The L-49 was one of the “height climbers” designed by the Germans late in World War I, when improvements in Allied fighter aircraft and anti-aircraft artillery made it necessary for Zeppelins to climb to great altitudes to avoid being shot down. For the Zepeplins to rise to greater heights on a fixed volume of lifting gas, however, the weight and strength of their structures were dramatically reduced. This decrease in strength was accepted as a wartime necessity, since a structurally weaker Zeppelin flying above the reach of enemy aircraft and artillery was safer than a stronger Zeppelin that could be easily attacked.
Shenandoah under construction at Lakehurst in 1923
The design was found insufficient and a number of the features of newer Zeppelins were used, as well as some structural improvements. The structure was built from a new alloy of aluminum and copper known as duralumin.
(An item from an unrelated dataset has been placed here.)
(* Let $(a_n)_n=[a_{n\varepsilon}]_{\mathrm s}$, $(b_n)_n=[b_{n\varepsilon}]_{\mathrm s}\in\widetilde{\mathbb R}_{\mathrm s}$ with $(a_n)_n\ge0$ and $(b_n)_n\ge0$, and assume that there exists $N\in\mathbb N$ such that $(a_{n+N})_n\le(b_{n+N})_n$, where $(a_{n+N})_n:=[a_{n+N,\varepsilon}]_{\mathrm s}$ and similarly for $b$. Then: (i) if the hyperseries $\sum_{n\in\widetilde{\mathbb N}}b_n$ converges, then so does $\sum_{n\in\widetilde{\mathbb N}}a_n$; (ii) if $\sum_{n\in\widetilde{\mathbb N}}a_n$ diverges to $+\infty$, then so does $\sum_{n\in\widetilde{\mathbb N}}b_n$.
   Context: Fix $I=(0,1]$ and a gauge $\rho=(\rho_\varepsilon)_{\varepsilon\in I}$ with $\rho_\varepsilon\in I$ and $\rho_\varepsilon\to0$ as $\varepsilon\to0$. "$\forall^0\varepsilon$" means "for all sufficiently small $\varepsilon\in I$". A net $(x_\varepsilon)\in\mathbb C^I$ is $\rho$-moderate ($(x_\varepsilon)\in\mathbb C_\rho$) if $\exists N\in\mathbb N\,\forall^0\varepsilon:|x_\varepsilon|\le\rho_\varepsilon^{-N}$, and $\rho$-negligible if $\forall q\in\mathbb N\,\forall^0\varepsilon:|x_\varepsilon|\le\rho_\varepsilon^q$. $\widetilde{\mathbb C}:=\mathbb C_\rho/\{\text{negligible nets}\}$ with classes $[x_\varepsilon]$; $\widetilde{\mathbb R}\subseteq\widetilde{\mathbb C}$ consists of classes of real moderate nets; $\mathrm d\rho:=[\rho_\varepsilon]$, $|[z_\varepsilon]|:=[|z_\varepsilon|]$. On $\widetilde{\mathbb R}$: $[x_\varepsilon]\le[y_\varepsilon]$ iff $x_\varepsilon\le y_\varepsilon+z_\varepsilon$ $\forall^0\varepsilon$ for some negligible $(z_\varepsilon)$; $x<y$ iff $\exists m\,\forall^0\varepsilon:y_\varepsilon-x_\varepsilon>\rho_\varepsilon^m$. Hypernatural numbers: $\widetilde{\mathbb N}:=\{[n_\varepsilon]\in\widetilde{\mathbb R}:n_\varepsilon\in\mathbb N\ \forall\varepsilon\}$; for each $N\in\widetilde{\mathbb N}$ a representative $(\mathrm{ni}(N)_\varepsilon)$ with all $\mathrm{ni}(N)_\varepsilon\in\mathbb N$ is fixed. Hyperlimit: for a map $n\in\widetilde{\mathbb N}\mapsto a_n\in\widetilde{\mathbb C}$, $l=\lim_{n\in\widetilde{\mathbb N}}a_n$ means $\forall q\in\mathbb N\,\exists M\in\widetilde{\mathbb N}\,\forall n\in\widetilde{\mathbb N}:n\ge M\Rightarrow|a_n-l|<\mathrm d\rho^q$. Hyperseries: a net $(a_{n\varepsilon})_{n\in\mathbb N,\varepsilon\in I}$ of complex numbers is moderate over hypersums if for every $N\in\widetilde{\mathbb N}$ the net $(\sum_{n=0}^{\mathrm{ni}(N)_\varepsilon}a_{n\varepsilon})_\varepsilon$ is $\rho$-moderate; two such nets $(a_{n\varepsilon}),(\bar a_{n\varepsilon})$ are equivalent if for all $N,M\in\widetilde{\mathbb N}$ the net $(\sum_{n=\mathrm{ni}(N)_\varepsilon}^{\mathrm{ni}(M)_\varepsilon}(a_{n\varepsilon}-\bar a_{n\varepsilon}))_\varepsilon$ is negligible. The quotient is $\widetilde{\mathbb C}_{\mathrm s}$ (resp. $\widetilde{\mathbb R}_{\mathrm s}$ for real nets), with classes $(a_n)_n=[a_{n\varepsilon}]_{\mathrm s}$. For $N,M\in\widetilde{\mathbb N}$, $\sum_{n=N}^Ma_n:=[\sum_{n=\mathrm{ni}(N)_\varepsilon}^{\mathrm{ni}(M)_\varepsilon}a_{n\varepsilon}]$ (empty sums equal $0$). The hyperseries $\sum_{n\in\widetilde{\mathbb N}}a_n$ converges to $s$ if $s=\lim_{N\in\widetilde{\mathbb N}}\sum_{n=0}^Na_n$ exists in $\widetilde{\mathbb C}$; it diverges to $+\infty$ if for every $K\in\widetilde{\mathbb R}$ there is $M\in\widetilde{\mathbb N}$ with $\sum_{n=0}^Na_n>K$ for all $N\in\widetilde{\mathbb N}_{\ge M}$. Order on $\widetilde{\mathbb R}_{\mathrm s}$: $(a_n)_n\le(b_n)_n$ iff $\sum_{n=N}^Ma_n\le\sum_{n=N}^Mb_n$ in $\widetilde{\mathbb R}$ for all $N,M\in\widetilde{\mathbb N}$; $(a_n)_n\ge0$ means $0\le(a_n)_n$. *)

theory Defs
  imports Complex_Main
begin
Girders were fabricated at the Naval Aircraft Factory. Whether the changes introduced into the original design of L-49 played a part in Shenandoah’s later breakup is a matter of debate. An outer cover of high-quality cotton cloth was sewn, laced or taped to the duralumin frame and painted with aluminum dope.
The gas cells were made of goldbeater’s skins, one of the most gas-impervious materials known at the time. Named for their use in beating and separating gold leaf, goldbeater’s skins were made from the outer membrane of the large intestines of cattle. The membranes were washed and scraped to remove fat and dirt, and then placed in a solution of water and glycerine in preparation for application to the rubberized cotton fabric providing the strength of the gas cells. The membranes were wrung out by hand to remove the water-glycerine storage solution and then rubber-cemented to the cotton fabric and finally given a light coat of varnish. The 20 gas cells within the airframe were filled to about 85% of capacity at normal barometric pressure. Each gas cell had a spring-loaded relief valve and manual valves operated from the control car.
Shenandoah was originally designated FA-1, for “Fleet Airship Number One” but this was changed to ZR-1. The airship was 680 ft (207.26 m) long and weighed 36 tons (32658 kg). It had a range of 5,000 mi (4,300 nmi; 8,000 km), and could reach speeds of 70 mph (61 kn; 110 km/h). Shenandoah was assembled at Naval Air Station Lakehurst, New Jersey in 1922–1923, in Hangar No. 1, the only hangar large enough to accommodate the ship; its parts were fabricated at the Naval Aircraft Factory in Philadelphia. NAS Lakehurst had served as a base for Navy blimps for some time, but Shenandoah was the first rigid airship to join the fleet.
Like all previous zeppelins, ZR-1 had been designed on the assumption that the ship would be operated with hydrogen, but the fiery crash of the U.S. Army airship Roma in 1922 convinced the U.S. government to operate future airship’s with helium, despite the high cost and very limited supply of the gas.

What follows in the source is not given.